| ABOUT THIS EXERCISE |
Scan the records for the string "assumes"; copy each line where it occurs.

| THE DATA |
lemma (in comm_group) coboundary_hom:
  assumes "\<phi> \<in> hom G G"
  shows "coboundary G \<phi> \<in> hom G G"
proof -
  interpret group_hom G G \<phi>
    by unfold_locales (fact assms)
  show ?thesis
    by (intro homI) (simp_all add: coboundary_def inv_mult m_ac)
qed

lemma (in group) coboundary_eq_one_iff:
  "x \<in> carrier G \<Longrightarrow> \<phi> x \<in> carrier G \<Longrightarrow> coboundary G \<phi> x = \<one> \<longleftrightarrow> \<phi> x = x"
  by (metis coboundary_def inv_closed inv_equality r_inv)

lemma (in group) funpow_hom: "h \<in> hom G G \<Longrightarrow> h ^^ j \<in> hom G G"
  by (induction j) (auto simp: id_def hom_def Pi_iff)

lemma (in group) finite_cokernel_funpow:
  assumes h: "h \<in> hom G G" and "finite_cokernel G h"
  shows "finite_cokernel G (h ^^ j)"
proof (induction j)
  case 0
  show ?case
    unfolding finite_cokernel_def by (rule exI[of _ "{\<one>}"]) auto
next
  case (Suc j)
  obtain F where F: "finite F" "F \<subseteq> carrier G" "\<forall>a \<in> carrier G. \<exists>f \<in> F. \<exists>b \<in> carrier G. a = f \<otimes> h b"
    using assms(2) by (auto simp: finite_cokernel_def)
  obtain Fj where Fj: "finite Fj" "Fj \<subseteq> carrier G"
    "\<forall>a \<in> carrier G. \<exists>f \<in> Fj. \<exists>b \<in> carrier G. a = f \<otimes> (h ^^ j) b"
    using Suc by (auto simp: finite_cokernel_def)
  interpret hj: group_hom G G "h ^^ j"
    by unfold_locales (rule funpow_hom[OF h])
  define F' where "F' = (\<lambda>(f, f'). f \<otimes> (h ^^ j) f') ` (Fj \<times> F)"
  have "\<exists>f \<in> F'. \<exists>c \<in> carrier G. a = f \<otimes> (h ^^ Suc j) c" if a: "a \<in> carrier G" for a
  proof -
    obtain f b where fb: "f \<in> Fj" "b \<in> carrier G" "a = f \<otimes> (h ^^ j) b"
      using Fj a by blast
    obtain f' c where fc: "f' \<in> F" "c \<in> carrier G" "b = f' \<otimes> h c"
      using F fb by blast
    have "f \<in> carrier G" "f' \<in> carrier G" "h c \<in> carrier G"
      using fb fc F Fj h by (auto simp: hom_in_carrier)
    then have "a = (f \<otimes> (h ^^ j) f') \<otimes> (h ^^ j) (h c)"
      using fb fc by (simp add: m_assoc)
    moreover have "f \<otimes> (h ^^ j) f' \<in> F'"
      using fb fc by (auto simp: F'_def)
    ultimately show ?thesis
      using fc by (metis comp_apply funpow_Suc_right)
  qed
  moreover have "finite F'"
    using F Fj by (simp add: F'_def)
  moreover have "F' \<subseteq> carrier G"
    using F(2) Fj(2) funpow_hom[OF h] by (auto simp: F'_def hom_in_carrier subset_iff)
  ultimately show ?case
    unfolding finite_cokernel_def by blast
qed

...

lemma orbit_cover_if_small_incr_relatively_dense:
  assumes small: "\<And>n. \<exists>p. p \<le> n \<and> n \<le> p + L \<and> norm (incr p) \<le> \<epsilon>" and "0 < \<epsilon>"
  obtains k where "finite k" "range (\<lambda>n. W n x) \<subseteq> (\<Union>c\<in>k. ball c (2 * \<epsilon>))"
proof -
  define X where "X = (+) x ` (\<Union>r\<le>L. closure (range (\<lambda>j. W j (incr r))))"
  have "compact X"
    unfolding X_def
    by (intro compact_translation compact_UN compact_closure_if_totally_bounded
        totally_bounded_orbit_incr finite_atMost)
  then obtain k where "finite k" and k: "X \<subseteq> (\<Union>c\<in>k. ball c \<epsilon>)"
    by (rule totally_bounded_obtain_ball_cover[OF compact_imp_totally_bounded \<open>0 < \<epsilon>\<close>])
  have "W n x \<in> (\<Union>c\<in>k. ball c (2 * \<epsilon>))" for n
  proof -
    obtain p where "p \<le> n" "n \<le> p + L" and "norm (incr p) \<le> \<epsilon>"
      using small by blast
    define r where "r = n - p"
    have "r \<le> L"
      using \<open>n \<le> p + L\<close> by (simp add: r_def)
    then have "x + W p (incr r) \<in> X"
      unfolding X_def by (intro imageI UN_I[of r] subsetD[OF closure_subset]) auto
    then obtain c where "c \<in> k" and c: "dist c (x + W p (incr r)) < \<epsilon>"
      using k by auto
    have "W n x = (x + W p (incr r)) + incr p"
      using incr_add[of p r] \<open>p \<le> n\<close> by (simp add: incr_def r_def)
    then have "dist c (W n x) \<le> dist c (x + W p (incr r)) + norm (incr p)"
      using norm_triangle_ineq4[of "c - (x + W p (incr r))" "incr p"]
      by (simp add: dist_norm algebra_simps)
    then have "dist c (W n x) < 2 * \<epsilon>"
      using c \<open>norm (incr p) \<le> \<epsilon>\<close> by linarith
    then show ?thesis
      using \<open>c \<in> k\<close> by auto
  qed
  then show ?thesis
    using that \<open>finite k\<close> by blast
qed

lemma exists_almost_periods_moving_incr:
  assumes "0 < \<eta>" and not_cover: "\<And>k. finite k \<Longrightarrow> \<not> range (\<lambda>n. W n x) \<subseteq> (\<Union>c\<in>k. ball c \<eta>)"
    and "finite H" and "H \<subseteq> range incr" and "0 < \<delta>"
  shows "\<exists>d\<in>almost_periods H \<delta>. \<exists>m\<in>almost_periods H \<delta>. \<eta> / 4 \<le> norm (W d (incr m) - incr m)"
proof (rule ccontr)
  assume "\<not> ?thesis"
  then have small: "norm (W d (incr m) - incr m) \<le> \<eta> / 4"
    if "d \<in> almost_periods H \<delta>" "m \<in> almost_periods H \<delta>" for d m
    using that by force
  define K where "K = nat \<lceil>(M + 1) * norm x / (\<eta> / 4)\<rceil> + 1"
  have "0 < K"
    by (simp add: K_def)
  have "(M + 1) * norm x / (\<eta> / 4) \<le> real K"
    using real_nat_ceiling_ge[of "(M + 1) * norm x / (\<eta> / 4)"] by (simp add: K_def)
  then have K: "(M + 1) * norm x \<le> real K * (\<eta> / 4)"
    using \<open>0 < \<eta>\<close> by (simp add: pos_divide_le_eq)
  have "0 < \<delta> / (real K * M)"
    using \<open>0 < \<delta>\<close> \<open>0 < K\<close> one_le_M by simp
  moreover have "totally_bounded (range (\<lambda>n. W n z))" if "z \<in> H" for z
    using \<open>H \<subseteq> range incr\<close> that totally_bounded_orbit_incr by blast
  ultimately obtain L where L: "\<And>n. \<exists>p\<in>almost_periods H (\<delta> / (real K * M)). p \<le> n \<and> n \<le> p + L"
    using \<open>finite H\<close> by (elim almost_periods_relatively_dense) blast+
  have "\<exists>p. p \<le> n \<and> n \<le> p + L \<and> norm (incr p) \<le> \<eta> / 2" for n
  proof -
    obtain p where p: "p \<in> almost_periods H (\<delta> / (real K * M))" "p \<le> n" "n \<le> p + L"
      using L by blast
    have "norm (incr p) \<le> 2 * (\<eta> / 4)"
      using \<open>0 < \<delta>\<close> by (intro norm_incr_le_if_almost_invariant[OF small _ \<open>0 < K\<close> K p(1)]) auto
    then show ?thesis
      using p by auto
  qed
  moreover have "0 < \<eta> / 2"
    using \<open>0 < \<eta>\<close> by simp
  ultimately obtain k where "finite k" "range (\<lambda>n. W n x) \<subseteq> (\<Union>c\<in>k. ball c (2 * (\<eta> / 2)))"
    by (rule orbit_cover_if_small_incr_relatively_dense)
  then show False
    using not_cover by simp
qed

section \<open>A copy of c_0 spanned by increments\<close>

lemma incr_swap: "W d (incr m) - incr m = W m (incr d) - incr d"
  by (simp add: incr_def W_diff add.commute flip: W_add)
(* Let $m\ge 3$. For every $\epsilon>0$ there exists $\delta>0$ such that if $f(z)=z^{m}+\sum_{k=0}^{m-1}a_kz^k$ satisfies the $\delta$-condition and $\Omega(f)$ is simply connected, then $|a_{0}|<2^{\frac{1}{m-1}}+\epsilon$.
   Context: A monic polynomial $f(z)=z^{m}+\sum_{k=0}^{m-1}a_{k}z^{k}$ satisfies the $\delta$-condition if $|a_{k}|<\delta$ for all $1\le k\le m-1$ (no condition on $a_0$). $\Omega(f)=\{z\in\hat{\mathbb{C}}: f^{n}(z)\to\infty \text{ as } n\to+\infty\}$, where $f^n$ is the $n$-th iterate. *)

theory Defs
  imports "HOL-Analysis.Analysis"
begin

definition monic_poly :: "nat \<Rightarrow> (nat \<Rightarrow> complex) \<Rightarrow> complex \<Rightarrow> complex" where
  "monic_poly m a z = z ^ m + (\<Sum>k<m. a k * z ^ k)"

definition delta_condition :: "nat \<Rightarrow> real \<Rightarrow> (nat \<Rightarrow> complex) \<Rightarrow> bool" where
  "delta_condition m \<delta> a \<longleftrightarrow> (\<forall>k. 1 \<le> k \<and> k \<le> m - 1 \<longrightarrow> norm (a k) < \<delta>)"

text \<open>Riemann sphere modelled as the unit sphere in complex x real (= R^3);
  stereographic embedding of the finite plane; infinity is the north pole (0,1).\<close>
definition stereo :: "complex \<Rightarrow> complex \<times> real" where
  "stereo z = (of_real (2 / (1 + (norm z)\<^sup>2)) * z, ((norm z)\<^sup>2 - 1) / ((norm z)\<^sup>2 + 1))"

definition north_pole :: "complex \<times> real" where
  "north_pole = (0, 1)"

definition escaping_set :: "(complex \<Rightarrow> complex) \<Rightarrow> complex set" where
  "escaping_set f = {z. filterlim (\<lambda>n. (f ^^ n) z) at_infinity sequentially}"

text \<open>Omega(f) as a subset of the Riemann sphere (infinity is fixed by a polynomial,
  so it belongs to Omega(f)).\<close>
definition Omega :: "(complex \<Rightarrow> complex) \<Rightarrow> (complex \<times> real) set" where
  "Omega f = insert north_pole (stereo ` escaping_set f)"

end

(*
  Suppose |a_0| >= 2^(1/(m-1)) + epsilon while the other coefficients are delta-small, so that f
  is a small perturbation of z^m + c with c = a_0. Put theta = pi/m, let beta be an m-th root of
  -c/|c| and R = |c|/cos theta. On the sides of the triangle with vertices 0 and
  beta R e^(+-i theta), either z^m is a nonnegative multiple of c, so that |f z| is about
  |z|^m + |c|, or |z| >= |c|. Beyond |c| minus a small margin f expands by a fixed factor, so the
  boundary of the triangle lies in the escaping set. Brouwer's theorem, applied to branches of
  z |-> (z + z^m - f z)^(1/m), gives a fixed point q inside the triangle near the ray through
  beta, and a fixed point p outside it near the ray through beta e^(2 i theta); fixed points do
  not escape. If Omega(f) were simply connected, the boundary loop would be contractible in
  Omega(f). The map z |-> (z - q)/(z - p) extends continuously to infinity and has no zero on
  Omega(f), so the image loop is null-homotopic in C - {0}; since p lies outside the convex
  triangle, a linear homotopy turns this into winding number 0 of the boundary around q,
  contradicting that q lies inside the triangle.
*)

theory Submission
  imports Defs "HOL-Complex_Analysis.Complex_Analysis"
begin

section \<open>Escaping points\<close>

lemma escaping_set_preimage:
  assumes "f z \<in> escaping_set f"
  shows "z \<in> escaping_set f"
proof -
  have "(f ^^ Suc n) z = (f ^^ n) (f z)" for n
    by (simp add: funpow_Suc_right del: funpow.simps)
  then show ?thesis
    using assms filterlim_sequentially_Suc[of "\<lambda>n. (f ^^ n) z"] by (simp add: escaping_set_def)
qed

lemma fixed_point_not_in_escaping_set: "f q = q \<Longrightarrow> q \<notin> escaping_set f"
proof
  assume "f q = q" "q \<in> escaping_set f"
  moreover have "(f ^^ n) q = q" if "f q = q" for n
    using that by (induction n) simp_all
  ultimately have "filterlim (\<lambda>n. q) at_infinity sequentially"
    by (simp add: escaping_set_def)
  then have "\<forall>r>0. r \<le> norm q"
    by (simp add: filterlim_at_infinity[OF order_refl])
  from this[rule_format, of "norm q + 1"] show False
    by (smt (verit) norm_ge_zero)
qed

* * *

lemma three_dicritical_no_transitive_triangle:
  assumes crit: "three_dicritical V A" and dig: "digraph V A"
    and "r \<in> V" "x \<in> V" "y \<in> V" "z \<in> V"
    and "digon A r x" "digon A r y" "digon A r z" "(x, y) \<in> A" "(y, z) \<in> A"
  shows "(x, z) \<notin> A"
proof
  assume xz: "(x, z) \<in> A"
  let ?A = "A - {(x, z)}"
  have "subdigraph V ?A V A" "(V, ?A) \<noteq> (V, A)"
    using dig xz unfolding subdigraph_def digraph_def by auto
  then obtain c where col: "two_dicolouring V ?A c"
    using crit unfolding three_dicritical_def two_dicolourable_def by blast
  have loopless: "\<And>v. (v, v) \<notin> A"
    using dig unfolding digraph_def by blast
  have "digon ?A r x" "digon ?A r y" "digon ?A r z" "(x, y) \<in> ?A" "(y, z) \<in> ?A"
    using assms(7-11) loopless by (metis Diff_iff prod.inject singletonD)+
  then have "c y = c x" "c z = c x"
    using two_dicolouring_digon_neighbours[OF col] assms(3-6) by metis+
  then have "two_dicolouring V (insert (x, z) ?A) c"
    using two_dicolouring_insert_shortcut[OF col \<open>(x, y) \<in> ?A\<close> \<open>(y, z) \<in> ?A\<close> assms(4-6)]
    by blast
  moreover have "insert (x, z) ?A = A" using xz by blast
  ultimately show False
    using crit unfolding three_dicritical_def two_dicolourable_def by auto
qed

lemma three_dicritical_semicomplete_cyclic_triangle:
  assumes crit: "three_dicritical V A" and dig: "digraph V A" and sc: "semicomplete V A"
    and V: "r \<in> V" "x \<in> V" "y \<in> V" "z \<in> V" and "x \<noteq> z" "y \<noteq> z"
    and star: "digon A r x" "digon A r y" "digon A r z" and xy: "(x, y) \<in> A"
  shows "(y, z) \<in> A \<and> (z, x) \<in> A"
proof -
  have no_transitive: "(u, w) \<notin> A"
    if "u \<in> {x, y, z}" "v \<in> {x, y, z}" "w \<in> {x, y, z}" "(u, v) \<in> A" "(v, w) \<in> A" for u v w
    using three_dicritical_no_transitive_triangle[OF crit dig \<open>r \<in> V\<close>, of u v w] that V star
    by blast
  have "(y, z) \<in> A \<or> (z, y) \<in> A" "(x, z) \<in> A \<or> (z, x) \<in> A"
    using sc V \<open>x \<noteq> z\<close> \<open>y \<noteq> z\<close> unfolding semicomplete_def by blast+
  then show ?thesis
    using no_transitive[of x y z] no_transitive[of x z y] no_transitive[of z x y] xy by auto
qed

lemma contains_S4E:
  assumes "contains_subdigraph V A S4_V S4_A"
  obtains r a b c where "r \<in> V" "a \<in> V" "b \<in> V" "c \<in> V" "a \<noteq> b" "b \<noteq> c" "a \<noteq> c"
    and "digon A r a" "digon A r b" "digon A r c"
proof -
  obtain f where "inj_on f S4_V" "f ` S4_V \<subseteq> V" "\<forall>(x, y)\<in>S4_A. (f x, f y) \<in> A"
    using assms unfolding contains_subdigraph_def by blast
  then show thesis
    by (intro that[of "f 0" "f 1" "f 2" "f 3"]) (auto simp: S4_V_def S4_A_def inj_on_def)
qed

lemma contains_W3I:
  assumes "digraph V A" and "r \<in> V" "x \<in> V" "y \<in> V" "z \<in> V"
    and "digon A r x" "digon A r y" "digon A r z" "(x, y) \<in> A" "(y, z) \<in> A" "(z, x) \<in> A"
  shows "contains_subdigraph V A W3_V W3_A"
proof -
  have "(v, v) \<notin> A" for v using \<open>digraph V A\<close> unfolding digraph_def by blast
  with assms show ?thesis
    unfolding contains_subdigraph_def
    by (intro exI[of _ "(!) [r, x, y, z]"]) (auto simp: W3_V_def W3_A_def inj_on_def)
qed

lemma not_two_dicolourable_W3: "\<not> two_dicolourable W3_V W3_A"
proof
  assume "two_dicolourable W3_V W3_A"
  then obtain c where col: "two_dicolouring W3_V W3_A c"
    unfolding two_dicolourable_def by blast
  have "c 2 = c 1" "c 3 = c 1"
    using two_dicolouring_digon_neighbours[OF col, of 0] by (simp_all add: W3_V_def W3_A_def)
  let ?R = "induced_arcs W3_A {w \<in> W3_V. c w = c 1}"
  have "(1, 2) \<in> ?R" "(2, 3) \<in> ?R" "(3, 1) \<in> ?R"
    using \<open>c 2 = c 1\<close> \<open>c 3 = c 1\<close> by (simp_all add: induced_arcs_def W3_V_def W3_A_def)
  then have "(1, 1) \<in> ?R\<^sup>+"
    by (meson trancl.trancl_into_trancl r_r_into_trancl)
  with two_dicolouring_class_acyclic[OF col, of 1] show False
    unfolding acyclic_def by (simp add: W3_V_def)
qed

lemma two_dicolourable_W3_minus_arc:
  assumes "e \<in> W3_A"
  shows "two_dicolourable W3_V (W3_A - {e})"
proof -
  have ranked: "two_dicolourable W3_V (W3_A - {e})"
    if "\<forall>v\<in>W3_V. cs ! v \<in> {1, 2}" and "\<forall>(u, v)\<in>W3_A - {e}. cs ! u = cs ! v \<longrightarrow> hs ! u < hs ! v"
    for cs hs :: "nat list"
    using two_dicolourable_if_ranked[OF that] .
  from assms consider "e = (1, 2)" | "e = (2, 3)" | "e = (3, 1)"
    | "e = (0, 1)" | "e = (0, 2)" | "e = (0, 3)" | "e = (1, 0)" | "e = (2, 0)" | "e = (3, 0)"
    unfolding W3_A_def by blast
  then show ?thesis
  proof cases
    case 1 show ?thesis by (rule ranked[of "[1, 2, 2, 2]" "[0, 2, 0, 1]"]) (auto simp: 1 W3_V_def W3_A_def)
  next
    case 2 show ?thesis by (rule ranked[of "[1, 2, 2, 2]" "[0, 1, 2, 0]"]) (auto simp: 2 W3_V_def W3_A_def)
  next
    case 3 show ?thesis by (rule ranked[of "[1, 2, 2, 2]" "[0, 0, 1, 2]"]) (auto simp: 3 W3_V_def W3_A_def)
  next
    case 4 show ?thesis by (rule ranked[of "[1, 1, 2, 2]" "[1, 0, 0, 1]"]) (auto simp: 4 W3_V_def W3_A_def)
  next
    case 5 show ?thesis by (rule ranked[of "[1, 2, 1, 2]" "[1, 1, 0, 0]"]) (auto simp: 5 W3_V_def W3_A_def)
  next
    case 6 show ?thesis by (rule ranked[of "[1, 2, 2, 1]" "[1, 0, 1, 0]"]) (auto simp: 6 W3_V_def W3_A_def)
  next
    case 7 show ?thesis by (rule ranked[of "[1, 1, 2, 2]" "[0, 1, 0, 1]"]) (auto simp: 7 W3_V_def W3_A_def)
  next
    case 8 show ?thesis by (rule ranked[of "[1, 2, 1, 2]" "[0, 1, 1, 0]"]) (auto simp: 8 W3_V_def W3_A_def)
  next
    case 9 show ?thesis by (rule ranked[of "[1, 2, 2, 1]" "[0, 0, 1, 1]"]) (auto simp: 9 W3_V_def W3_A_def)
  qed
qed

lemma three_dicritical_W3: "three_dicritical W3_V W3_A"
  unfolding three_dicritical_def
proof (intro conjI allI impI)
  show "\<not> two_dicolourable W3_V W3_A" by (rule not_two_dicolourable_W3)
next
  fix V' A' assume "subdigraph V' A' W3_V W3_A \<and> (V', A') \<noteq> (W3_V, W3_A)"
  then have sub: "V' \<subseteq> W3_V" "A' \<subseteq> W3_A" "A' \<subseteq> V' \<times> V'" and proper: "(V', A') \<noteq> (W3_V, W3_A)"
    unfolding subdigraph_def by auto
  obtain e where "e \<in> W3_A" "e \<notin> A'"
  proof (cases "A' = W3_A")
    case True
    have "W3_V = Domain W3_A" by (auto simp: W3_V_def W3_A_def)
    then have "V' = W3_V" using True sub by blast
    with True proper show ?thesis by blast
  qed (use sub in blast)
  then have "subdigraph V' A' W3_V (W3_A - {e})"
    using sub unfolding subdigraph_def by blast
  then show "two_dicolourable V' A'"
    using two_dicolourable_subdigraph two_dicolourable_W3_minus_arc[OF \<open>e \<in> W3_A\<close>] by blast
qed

| EXPECTED ANSWER |
  assumes "\<phi> \<in> hom G G"
  assumes h: "h \<in> hom G G" and "finite_cokernel G h"
  assumes small: "\<And>n. \<exists>p. p \<le> n \<and> n \<le> p + L \<and> norm (incr p) \<le> \<epsilon>" and "0 < \<epsilon>"
  assumes "0 < \<eta>" and not_cover: "\<And>k. finite k \<Longrightarrow> \<not> range (\<lambda>n. W n x) \<subseteq> (\<Union>c\<in>k. ball c \<eta>)"
  assumes "f z \<in> escaping_set f"
  assumes crit: "three_dicritical V A" and dig: "digraph V A"
  assumes crit: "three_dicritical V A" and dig: "digraph V A" and sc: "semicomplete V A"
  assumes "contains_subdigraph V A S4_V S4_A"
  assumes "digraph V A" and "r \<in> V" "x \<in> V" "y \<in> V" "z \<in> V"
  assumes "e \<in> W3_A"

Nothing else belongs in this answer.